Старый профессор, подвижной сангвиник, сделал ему операцию. Очень сложную и — удачно! Говорили: «Девятую в мире, вторую в СССР!..»

Паренек стонет, бредит. Бабка не спит при нем которую ночь.

А профессор, как бог, в белом окружении ангелов-студенток, гремит радостно над койкой:

— Спасибо, мальчик, спасибо, милый мой, за то, что ты привез мне такую интересную болезнь!..


***

Плывем по Амуру. Смотрю на зеленую сопку. Вспоминаются сыромятные лапти — большущие, старые, латаные-перелатанные, даже подбитые расплющенными баночками от ваксы. Лапти старого дядьки Ивана. И его рассказы про японскую войну, которые я также, как и лапти, знаю с детства.

Теперь выразительно, с какой-то кинонаглядностью представилось это все здесь, на склоне этой сопки.

Белая гимнастерка, белая бескозырка, шинельная скатка через плечо, длиннющая винтовка с нахально-непобедимым штыком...

И так далеко от дома, куда он, дядька Иван, вернулся с георгиевским крестом и со скрипучими до смерти ранами. В ту самую бедность, к тем самым лаптям. Так и не зная, за что и почему шел под пули, штыки и осколки, за что и зачем сам убивал...


***

Черный, темный, «обиженный богом» бобыль долго и скучно рассказывает, как он было занемог...
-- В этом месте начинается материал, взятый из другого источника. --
(* Let $M$ be a finite-dimensional quantum system with $\dim\mathcal H_M\ge 2$, let $P$ be a qubit with basis $\{|0\rangle,|1\rangle\}$, and let $|\psi_0\rangle\in\mathcal H_M$ be a unit vector. Let $\mathcal E_0(\cdot)=|\psi_0\rangle\langle\psi_0|\operatorname{Tr}[\cdot]$ be the pure erasure channel on $M$ and $\mathcal C=\mathcal E_0\otimes\mathcal I_P$, where $\mathcal I_P$ is the identity channel on $P$. Let $A$ and $B$ be copies of $M$, $\widetilde A=A\oplus\mathrm{Vac}$, $\widetilde B=B\oplus\mathrm{Vac}$, where $\mathrm{Vac}$ is a one-dimensional sector spanned by $|\mathrm{vac}\rangle$, and let $U:\mathcal H_M\otimes\mathcal H_P\to(\mathcal H_A\otimes\mathcal H_{\mathrm{Vac}})\oplus(\mathcal H_{\mathrm{Vac}}\otimes\mathcal H_B)\subseteq\mathcal H_{\widetilde A}\otimes\mathcal H_{\widetilde B}$ be the unitary defined by $U(|\psi\rangle\otimes|0\rangle)=|\psi\rangle\otimes|\mathrm{vac}\rangle$ and $U(|\psi\rangle\otimes|1\rangle)=|\mathrm{vac}\rangle\otimes|\psi\rangle$, with $\mathcal U(\cdot)=U\cdot U^\dagger$. Then there do not exist finite-dimensional systems $E$ and $F$, a state $\sigma_{EF}$ of $EF$, and unitaries $\widetilde V_{AE}=V_{AE}\oplus(|\mathrm{vac}\rangle\langle\mathrm{vac}|\otimes I_E)$ on $\mathcal H_{\widetilde A}\otimes\mathcal H_E$ and $\widetilde W_{BF}=W_{BF}\oplus(|\mathrm{vac}\rangle\langle\mathrm{vac}|\otimes I_F)$ on $\mathcal H_{\widetilde B}\otimes\mathcal H_F$ (with $V_{AE}$ unitary on $\mathcal H_A\otimes\mathcal H_E$ and $W_{BF}$ unitary on $\mathcal H_B\otimes\mathcal H_F$), such that for all states $\rho$ of $M$ and $\omega$ of $P$ $$\mathcal C(\rho\otimes\omega)=\mathcal U^\dagger\Big(\operatorname{Tr}_{EF}\big\{(\widetilde{\mathcal V}_{AE}\otimes\widetilde{\mathcal W}_{BF})[\mathcal U(\rho\otimes\omega)\otimes\sigma_{EF}]\big\}\Big),$$ where $\widetilde{\mathcal V}_{AE}(\cdot)=\widetilde V_{AE}\cdot\widetilde V_{AE}^\dagger$, $\widetilde{\mathcal W}_{BF}(\cdot)=\widetilde W_{BF}\cdot\widetilde W_{BF}^\dagger$ and $\mathcal U^\dagger(\cdot)=U^\dagger\cdot U$.
   Context: $\widetilde{\mathcal V}_{AE}$ and $\widetilde{\mathcal W}_{BF}$ model the interaction of a particle with local environments $E$ and $F$ on two spatially separated paths; they act as the identity when the particle's input on that path is the vacuum. The tensor product $\widetilde{\mathcal V}_{AE}\otimes\widetilde{\mathcal W}_{BF}$ acts on $\widetilde A\otimes\widetilde B\otimes E\otimes F$ with subsystems reordered as appropriate. *)

theory Defs
  imports Complex_Main "Jordan_Normal_Form.Matrix"
begin

text \<open>Computational basis index conventions: the tensor product
H_1 (x) H_2 of dimensions n1, n2 has basis index i*n2+j for |i>|j> (Kronecker order).\<close>

definition cinner :: "complex vec \<Rightarrow> complex vec \<Rightarrow> complex" where
  "cinner v w = (\<Sum>i<dim_vec v. cnj (v $ i) * w $ i)"
(* Every $3$-CET with exactly one flip has a periodic point. Consequently there is no transitive $3$-CET with exactly one flip.
   Context: Let $S^1=[0,1]/(0\sim 1)$ with the orientation induced by $[0,1]$. Let $I_1,\dots,I_n$ be pairwise disjoint open subintervals of $S^1$ whose closures cover $S^1$. An $n$-CET is an injective map $T:\bigcup_{i=1}^n I_i\to S^1$ which is an isometry on each $I_i$ and which cannot be continuously extended to a larger open subset of $S^1$ (so it has exactly $n$ discontinuity points). A flip is a subinterval $I_i$ on which $T$ reverses orientation. A periodic point is $p$ with $T^m(p)=p$ for some $m\ge1$ (with $p\in\mathrm{Dom}(T^m)$). The orbit of $p$ is $\{T^m(p): m\in\mathbb{Z},\ p\in\mathrm{Dom}(T^m)\}$ and $T$ is transitive if some orbit is dense in $S^1$. *)

theory Defs
  imports "HOL-Analysis.Analysis"
begin

text \<open>The circle S^1 = [0,1]/(0~1) is represented by the real interval {0..<1};
  a point x is identified with its representative, and frac reduces mod 1.\<close>

definition circ :: "real set" where
  "circ = {0..<1}"

definition arc :: "real \<Rightarrow> real \<Rightarrow> real set" where
  "arc a L = {x \<in> circ. 0 < frac (x - a) \<and> frac (x - a) < L}"
lemma (in ring) nc_prime_ideal_elementwise:
  assumes P: "nc_prime_ideal P R" and a: "a \<in> carrier R" and b: "b \<in> carrier R"
    and aRb: "\<And>r. r \<in> carrier R \<Longrightarrow> a \<otimes> r \<otimes> b \<in> P"
  shows "a \<in> P \<or> b \<in> P"
proof -
  have "ideal P R" using P by (simp add: nc_prime_ideal_def)
  define B where "B = {y \<in> carrier R. \<forall>s\<in>(\<otimes>) a ` carrier R. s \<otimes> y \<in> P}"
  define A where "A = {x \<in> carrier R. \<forall>y\<in>B. x \<otimes> y \<in> P}"
  have "ideal B R"
    unfolding B_def using \<open>ideal P R\<close> a by (intro right_residual_ideal) (auto simp: m_assoc)
  then have "ideal A R"
    unfolding A_def using \<open>ideal P R\<close> by (intro left_residual_ideal) (auto simp: ideal.I_l_closed ideal.Icarr)
  moreover have "a \<in> A"
    using a by (auto simp: A_def B_def dest: bspec[of _ _ \<one>])
  moreover have "b \<in> B"
    using b aRb by (auto simp: B_def)
  moreover have "\<forall>x\<in>A. \<forall>y\<in>B. x \<otimes> y \<in> P"
    by (simp add: A_def)
  ultimately show ?thesis
    using P \<open>ideal B R\<close> unfolding nc_prime_ideal_def by blast
qed

lemma (in monoid) foldr_mult_eq:
  assumes "set xs \<subseteq> carrier G" and "b \<in> carrier G"
  shows "foldr (\<otimes>) xs b = foldr (\<otimes>) xs \<one> \<otimes> b"
  using assms by (induct xs) (auto simp: m_assoc)

lemma (in monoid) multlist_append:
  assumes "set xs \<subseteq> carrier G" and "set ys \<subseteq> carrier G"
  shows "foldr (\<otimes>) (xs @ ys) \<one> = foldr (\<otimes>) xs \<one> \<otimes> foldr (\<otimes>) ys \<one>"
  using assms by (simp add: foldr_mult_eq[of xs "foldr (\<otimes>) ys \<one>"])

lemma (in ring) multlist_in_ideal:
  assumes "ideal I R" and "set xs \<subseteq> I" and "xs \<noteq> []"
  shows "foldr (\<otimes>) xs \<one> \<in> I"
proof -
  obtain x ys where "xs = x # ys" using assms(3) by (cases xs) auto
  then show ?thesis
    using assms by (auto intro: ideal.I_r_closed dest: ideal.Icarr)
qed

lemma (in ring) nilpotent_ideal_long_multlist_zero:
  assumes "nilpotent_ideal I R"
  obtains n where "n \<ge> 1"
    and "\<And>xs. set xs \<subseteq> I \<Longrightarrow> n \<le> length xs \<Longrightarrow> foldr (\<otimes>) xs \<one> = \<zero>"
proof -
  have "I \<subseteq> carrier R"
    using assms by (auto simp: nilpotent_ideal_def dest: ideal.Icarr)
  obtain n where "n \<ge> 1"
    and zero: "\<And>xs. length xs = n \<Longrightarrow> set xs \<subseteq> I \<Longrightarrow> foldr (\<otimes>) xs \<one> = \<zero>"
    using assms unfolding nilpotent_ideal_def by blast
  moreover have "foldr (\<otimes>) xs \<one> = \<zero>" if "set xs \<subseteq> I" "n \<le> length xs" for xs
  proof -
    have "foldr (\<otimes>) xs \<one> = foldr (\<otimes>) (take n xs) \<one> \<otimes> foldr (\<otimes>) (drop n xs) \<one>"
      using that \<open>I \<subseteq> carrier R\<close> multlist_append[of "take n xs" "drop n xs"]
      by (metis append_take_drop_id set_drop_subset set_take_subset subset_trans)
    also have "foldr (\<otimes>) (take n xs) \<one> = \<zero>"
      using that by (intro zero) (auto dest: in_set_takeD)
    finally show ?thesis
      using that \<open>I \<subseteq> carrier R\<close> by (metis l_null multlist_closed set_drop_subset subset_trans)
  qed
  ultimately show ?thesis using that by blast
qed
Пусть рассказывает, надо же ему найти хоть какое-то облегчение!


***

В бедной, послевоенной деревне много дачников.

Когда по улице проходит стадо, городские дети кормят коз хлебом и печеньем. .

Пастух, пожилой и сухощавый мужичишка, злобно стегает козу кнутом.

Мамы-дачницы возмущаются. Им «соль достается» легче!..


***

Когда-то в соседней деревне была чума. Из окруженной деревни вырвался один зачумленный. Мужчины, караульные, пришибли его кольями, закопали почти живого.

На этом месте стоит теперь каменный памятник с крестом. И камень уже в лишайниках, и крест чугунный порыжел, а люди все еще рассказывают о той страшной необходимости — как будто прося прощения, тихо и немного торжественно.


***

Вчера смотрел интересную кинокартину «В мире животных».

Международный коллектив ее создателей с особым мастерством и старанием показал борьбу за существование — пожирание сверху вниз, по лестнице силы, хитрости, ловкости.

Думалось — и вчера, и сегодня утром,— что или мир не так устроен, или я совсем испортился: почему так болезненно воспринимаю обиду более слабого?..

Или просто я — человек, а нам свойственна иная форма сосуществования?

Если человеческий разум подпряжется к звериным нормам поведения, к тому «моральному кодексу» — будет фашизм во всех его проявлениях.

Вспомнил рассказ одного из друзей.

Два отца погибли на фронте. А жены их, две матери, были зверски замучены гитлеровцами. Чудом выжили только дети двух семей, мальчик и девочка. Потом они полюбили друг друга, поженились.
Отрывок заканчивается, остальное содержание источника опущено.